#### Work item:
Transcribe the stretch of entries below from the line with "by (simp add: subspace_scale_image)" through the line with "u \<in> range", exactly and with both ends included; leave out all other lines.

[Collected data entries]
****
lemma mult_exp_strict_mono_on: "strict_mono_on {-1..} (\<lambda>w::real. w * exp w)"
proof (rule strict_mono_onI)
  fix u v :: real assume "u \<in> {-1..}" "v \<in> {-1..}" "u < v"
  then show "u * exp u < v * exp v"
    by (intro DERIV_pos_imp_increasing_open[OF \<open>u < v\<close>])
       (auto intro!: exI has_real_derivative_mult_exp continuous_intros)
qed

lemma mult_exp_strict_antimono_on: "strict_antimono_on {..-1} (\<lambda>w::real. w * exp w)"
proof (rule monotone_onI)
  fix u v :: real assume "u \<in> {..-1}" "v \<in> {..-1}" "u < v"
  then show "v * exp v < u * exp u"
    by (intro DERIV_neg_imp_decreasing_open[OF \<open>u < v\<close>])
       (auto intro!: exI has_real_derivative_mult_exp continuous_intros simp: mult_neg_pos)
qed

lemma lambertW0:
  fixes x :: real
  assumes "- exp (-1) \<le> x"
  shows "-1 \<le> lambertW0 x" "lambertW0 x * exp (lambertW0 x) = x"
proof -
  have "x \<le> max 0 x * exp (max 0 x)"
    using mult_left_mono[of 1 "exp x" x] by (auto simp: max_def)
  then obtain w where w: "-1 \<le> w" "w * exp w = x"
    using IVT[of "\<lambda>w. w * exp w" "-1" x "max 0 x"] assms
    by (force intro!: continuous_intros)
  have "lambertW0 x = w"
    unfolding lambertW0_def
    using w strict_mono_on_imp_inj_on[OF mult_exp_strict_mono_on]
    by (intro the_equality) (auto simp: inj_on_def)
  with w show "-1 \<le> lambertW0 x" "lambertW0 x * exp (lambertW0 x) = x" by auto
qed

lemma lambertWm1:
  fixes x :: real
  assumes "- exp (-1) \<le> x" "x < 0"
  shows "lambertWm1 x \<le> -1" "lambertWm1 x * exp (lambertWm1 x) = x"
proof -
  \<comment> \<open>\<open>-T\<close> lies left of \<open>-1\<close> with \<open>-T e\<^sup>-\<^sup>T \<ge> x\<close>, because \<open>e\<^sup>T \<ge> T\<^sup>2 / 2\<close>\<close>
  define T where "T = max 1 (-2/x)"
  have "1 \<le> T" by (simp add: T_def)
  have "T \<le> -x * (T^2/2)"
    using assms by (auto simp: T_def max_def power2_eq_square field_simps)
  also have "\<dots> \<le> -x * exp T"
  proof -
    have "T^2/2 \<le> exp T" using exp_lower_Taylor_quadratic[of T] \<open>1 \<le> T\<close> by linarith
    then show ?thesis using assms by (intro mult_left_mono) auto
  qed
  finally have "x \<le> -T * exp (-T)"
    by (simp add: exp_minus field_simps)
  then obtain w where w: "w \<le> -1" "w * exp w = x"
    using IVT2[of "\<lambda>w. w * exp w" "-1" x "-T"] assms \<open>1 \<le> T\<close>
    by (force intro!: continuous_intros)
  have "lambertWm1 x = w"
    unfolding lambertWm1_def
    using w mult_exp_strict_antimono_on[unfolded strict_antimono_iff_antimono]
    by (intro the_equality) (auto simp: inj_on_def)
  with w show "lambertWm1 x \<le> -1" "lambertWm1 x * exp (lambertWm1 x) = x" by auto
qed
****
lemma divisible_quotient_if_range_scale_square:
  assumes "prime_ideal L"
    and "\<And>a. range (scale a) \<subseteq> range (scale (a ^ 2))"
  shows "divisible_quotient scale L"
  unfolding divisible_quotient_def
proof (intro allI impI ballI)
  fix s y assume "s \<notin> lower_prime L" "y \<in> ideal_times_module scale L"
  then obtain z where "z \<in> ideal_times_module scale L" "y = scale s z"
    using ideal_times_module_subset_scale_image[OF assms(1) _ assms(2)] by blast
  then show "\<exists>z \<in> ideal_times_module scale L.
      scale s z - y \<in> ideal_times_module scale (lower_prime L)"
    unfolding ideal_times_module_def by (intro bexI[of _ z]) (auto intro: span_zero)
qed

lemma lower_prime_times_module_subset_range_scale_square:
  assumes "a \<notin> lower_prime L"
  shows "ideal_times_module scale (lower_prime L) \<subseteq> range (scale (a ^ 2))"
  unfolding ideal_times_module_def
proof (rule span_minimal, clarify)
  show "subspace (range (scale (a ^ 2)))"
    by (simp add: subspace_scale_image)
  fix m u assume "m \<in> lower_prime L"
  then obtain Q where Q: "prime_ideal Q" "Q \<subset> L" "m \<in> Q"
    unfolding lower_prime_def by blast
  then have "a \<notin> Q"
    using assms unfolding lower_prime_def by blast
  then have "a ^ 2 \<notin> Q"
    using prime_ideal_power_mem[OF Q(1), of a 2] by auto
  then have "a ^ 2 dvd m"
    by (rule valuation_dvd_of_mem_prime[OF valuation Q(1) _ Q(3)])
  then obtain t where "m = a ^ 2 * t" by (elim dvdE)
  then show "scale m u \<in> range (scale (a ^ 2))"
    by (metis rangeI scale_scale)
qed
****
#### The answer:
    by (simp add: subspace_scale_image)
  fix m u assume "m \<in> lower_prime L"
  then obtain Q where Q: "prime_ideal Q" "Q \<subset> L" "m \<in> Q"
    unfolding lower_prime_def by blast
  then have "a \<notin> Q"
    using assms unfolding lower_prime_def by blast
  then have "a ^ 2 \<notin> Q"
    using prime_ideal_power_mem[OF Q(1), of a 2] by auto
  then have "a ^ 2 dvd m"
    by (rule valuation_dvd_of_mem_prime[OF valuation Q(1) _ Q(3)])
  then obtain t where "m = a ^ 2 * t" by (elim dvdE)
  then show "scale m u \<in> range (scale (a ^ 2))"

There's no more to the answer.